═════ Supplied material
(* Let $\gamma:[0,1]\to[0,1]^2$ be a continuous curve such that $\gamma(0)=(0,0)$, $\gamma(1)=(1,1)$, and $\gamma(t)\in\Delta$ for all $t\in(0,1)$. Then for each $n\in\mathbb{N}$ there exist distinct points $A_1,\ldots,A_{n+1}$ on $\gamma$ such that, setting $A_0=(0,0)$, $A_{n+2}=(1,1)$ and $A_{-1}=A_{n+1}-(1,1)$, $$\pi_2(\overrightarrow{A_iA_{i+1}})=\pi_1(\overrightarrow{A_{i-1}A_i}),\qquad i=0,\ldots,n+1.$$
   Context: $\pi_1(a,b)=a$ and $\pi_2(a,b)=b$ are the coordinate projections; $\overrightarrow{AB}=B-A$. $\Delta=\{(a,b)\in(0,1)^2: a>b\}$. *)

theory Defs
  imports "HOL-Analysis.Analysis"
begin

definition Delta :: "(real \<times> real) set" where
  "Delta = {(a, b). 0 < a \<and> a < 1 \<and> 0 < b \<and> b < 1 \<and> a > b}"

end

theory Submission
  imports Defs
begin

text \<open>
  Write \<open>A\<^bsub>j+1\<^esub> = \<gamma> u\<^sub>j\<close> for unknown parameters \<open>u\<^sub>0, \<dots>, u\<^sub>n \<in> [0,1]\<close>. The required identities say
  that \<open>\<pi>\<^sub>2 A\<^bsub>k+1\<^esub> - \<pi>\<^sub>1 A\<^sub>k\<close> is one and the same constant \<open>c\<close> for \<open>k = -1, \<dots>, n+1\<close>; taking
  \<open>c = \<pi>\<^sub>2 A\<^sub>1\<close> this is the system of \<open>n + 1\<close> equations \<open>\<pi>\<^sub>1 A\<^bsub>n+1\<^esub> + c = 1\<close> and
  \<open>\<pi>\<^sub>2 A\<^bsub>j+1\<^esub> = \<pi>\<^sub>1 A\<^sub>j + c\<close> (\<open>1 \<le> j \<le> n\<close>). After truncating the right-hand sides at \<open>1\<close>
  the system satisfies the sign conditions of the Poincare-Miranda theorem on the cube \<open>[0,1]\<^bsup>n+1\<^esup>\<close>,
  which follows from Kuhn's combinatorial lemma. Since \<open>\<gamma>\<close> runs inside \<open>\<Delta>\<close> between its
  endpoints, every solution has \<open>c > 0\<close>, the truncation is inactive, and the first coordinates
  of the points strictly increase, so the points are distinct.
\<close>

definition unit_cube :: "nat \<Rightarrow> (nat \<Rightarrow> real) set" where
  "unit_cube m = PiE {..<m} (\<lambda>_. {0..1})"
══════════
What you should do:
Please show, exactly as written, every line above that contains the word "real".

Response:
definition Delta :: "(real \<times> real) set" where
definition unit_cube :: "nat \<Rightarrow> (nat \<Rightarrow> real) set" where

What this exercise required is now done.